Drawbacks of Linear Regression

  1. Low Variance: While least squares fitting provides a low variance, it can have high bias.
  2. Bias-Variance Trade-off:
    • Least squares gives zero bias if linear model is correct.
    • Introducing constraints can reduce variance, but increase bias.
    • The goal is to reduce the complexity (number of variables) to achieve better prediction accuracy.

Subset Selection in Linear Regression

  • Subset Selection: Choosing a subset of input variables to fit the model.
    • Reduces variance and improves prediction accuracy.
    • Interpretability improves by focusing on fewer variables.

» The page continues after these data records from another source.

(* Let $\{W_t\}_{t\ge0}$ be a standard Brownian motion and let $\{\phi_s\}_{s\ge0}$ be a deterministic function (the functional model parameter). For an initial term-structure density $\{\rho_s\}_{s\ge0}$ ($\rho_s=-\partial_sP_{0s}>0$, $\int_0^\infty\rho_s\,\mathrm ds=1$), consider the Flesaker–Hughston model based on the GBM family $M_{ts}=\exp(\phi_sW_t-\tfrac12\phi_s^2t)$, with bond prices $$P_{tT}=\frac{\int_T^\infty\rho_s\exp(\phi_sW_t-\frac12\phi_s^2t)\,\mathrm ds}{\int_t^\infty\rho_s\exp(\phi_sW_t-\frac12\phi_s^2t)\,\mathrm ds},$$ and define $$\Phi_{tT}=\frac{\int_T^\infty\phi_s\rho_s\exp(\phi_sW_t-\frac12\phi_s^2t)\,\mathrm ds}{\int_T^\infty\rho_s\exp(\phi_sW_t-\frac12\phi_s^2t)\,\mathrm ds},\qquad \Phi_{tt}=\lim_{s\to t}\Phi_{st},$$ the bond volatility $\Omega_{tT}=\Phi_{tT}-\Phi_{tt}$, the market price of risk $\lambda_t=-\Phi_{tt}$, and the risk premium $\lambda_t\Omega_{tT}=\Phi_{tt}(\Phi_{tt}-\Phi_{tT})$. Assume that for any admissible initial term-structure density $\{\rho_s\}$ the risk premium is positive for all $0\le t<T$. Then $\{\phi_t\}$ must be either positive and decreasing, or negative and increasing.
   Context: An admissible initial term-structure density is a function $\rho_s=-\partial_sP_{0s}$ arising from an initial discount bond curve $\{P_{0s}\}$ with positive initial interest rates and $\lim_{s\to\infty}P_{0s}=0$; thus $\rho_s>0$ and $\int_0^\infty\rho_s\,\mathrm ds=1$. *)

theory Defs
  imports "HOL-Analysis.Analysis"
begin

definition admissible_density :: "(real \<Rightarrow> real) \<Rightarrow> bool" where
  "admissible_density \<rho> \<longleftrightarrow>
     (\<exists>P :: real \<Rightarrow> real.
        P 0 = 1 \<and>
        (\<forall>s\<ge>0. (P has_real_derivative - \<rho> s) (at s within {0..})) \<and>
        (\<forall>s\<ge>0. \<rho> s > 0) \<and>
        (P \<longlongrightarrow> 0) at_top)"

text \<open>GBM family M_{ts} = exp(phi_s W_t - phi_s^2 t / 2), with W_t = w.\<close>
definition gbmM :: "(real \<Rightarrow> real) \<Rightarrow> real \<Rightarrow> real \<Rightarrow> real \<Rightarrow> real" where
  "gbmM \<phi> t w s = exp (\<phi> s * w - (\<phi> s)\<^sup>2 * t / 2)"

definition bondP :: "(real \<Rightarrow> real) \<Rightarrow> (real \<Rightarrow> real) \<Rightarrow> real \<Rightarrow> real \<Rightarrow> real \<Rightarrow> real" where
  "bondP \<phi> \<rho> t w T =
     integral {T..} (\<lambda>s. \<rho> s * gbmM \<phi> t w s) / integral {t..} (\<lambda>s. \<rho> s * gbmM \<phi> t w s)"

definition PhiFH :: "(real \<Rightarrow> real) \<Rightarrow> (real \<Rightarrow> real) \<Rightarrow> real \<Rightarrow> real \<Rightarrow> real \<Rightarrow> real" where
  "PhiFH \<phi> \<rho> t w T =
     integral {T..} (\<lambda>s. \<phi> s * \<rho> s * gbmM \<phi> t w s) / integral {T..} (\<lambda>s. \<rho> s * gbmM \<phi> t w s)"

text \<open>Bond volatility, market price of risk and risk premium (Phi_{tt} = PhiFH at T = t).\<close>
definition bond_vol where
  "bond_vol \<phi> \<rho> t w T = PhiFH \<phi> \<rho> t w T - PhiFH \<phi> \<rho> t w t"

definition mpr where
  "mpr \<phi> \<rho> t w = - PhiFH \<phi> \<rho> t w t"

definition risk_premium where
  "risk_premium \<phi> \<rho> t w T = mpr \<phi> \<rho> t w * bond_vol \<phi> \<rho> t w T"

definition model_wd :: "(real \<Rightarrow> real) \<Rightarrow> (real \<Rightarrow> real) \<Rightarrow> real \<Rightarrow> real \<Rightarrow> bool" where
  "model_wd \<phi> \<rho> t w \<longleftrightarrow>
     (\<lambda>s. \<rho> s * gbmM \<phi> t w s) absolutely_integrable_on {t..} \<and>
     (\<lambda>s. \<phi> s * \<rho> s * gbmM \<phi> t w s) absolutely_integrable_on {t..}"

end

(*
  Phi_tT is the average of phi over [T, oo) with respect to the weights rho_s M_ts, and
  Phi_tt, the average over [t, oo), is a mediant of the averages over [t, T] and [T, oo).
  Suppose phi <= m on [a, T] for some m > 0 but phi(b) > m at some b > T. Adding a heavy
  bump near b to the density exp(-s) makes the tail average Phi_aT (in the state W_a = 0)
  exceed m; then Phi_aa < Phi_aT while Phi_aa > 0, so the risk premium
  Phi_aa (Phi_aa - Phi_aT) is negative. With the continuity of phi this gives
  phi(b) <= max(0, phi(s)) whenever 0 <= s <= b, and, as the model is invariant under
  (phi, W) -> (-phi, -W), also phi(b) >= min(0, phi(s)). A zero of phi would thus force phi
  to vanish from there on, making the premium zero; so phi has no zeros, has constant sign
  by continuity, and is monotone in the stated direction.
*)

theory Submission
  imports Defs
begin

lemma continuous_on_nonvanishing_sign:
  fixes f :: "'a::topological_space \<Rightarrow> real"
  assumes "connected S" "continuous_on S f" "\<And>x. x \<in> S \<Longrightarrow> f x \<noteq> 0"
  shows "(\<forall>x\<in>S. 0 < f x) \<or> (\<forall>x\<in>S. f x < 0)"
proof (rule ccontr)
  assume "\<not> ?thesis"
  then obtain x y where "x \<in> S" "y \<in> S" "f x < 0" "0 < f y"
    using assms(3) by (metis linorder_neqE_linordered_idom)
  moreover have "connected (f ` S)"
    using assms(2,1) by (rule connected_continuous_image)
  ultimately have "0 \<in> f ` S"
    unfolding connected_iff_interval by (meson image_eqI less_imp_le)
  then show False
    using assms(3) by force
qed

Techniques for Subset Selection

  1. Combinatorial Selection: Exhaustive search for best subsets is computationally expensive.
  2. Algorithms for Efficient Selection:
    • Leaps and Bounds: Efficient algorithm for subset selection.
    • Forward Stepwise Selection: Greedy approach to adding variables one at a time based on fit improvement.
      • Start with the intercept, add variables that improve the fit without disturbing selected variables.
      • Stop if no remaining variables improve the residual error.
  3. Backward Elimination: Start with all variables and remove one at a time.
    • Works if the number of data points (n) > number of dimensions (P).
    • Greediness may not always yield the best fit, hence hybrid approaches might be beneficial.

Practical Applications and Observations

  • Many statistical packages utilize forward stepwise selection due to its effectiveness on various datasets.
  • Greedy approaches like forward selection may perform comparably to more exhaustive methods in real-world scenarios.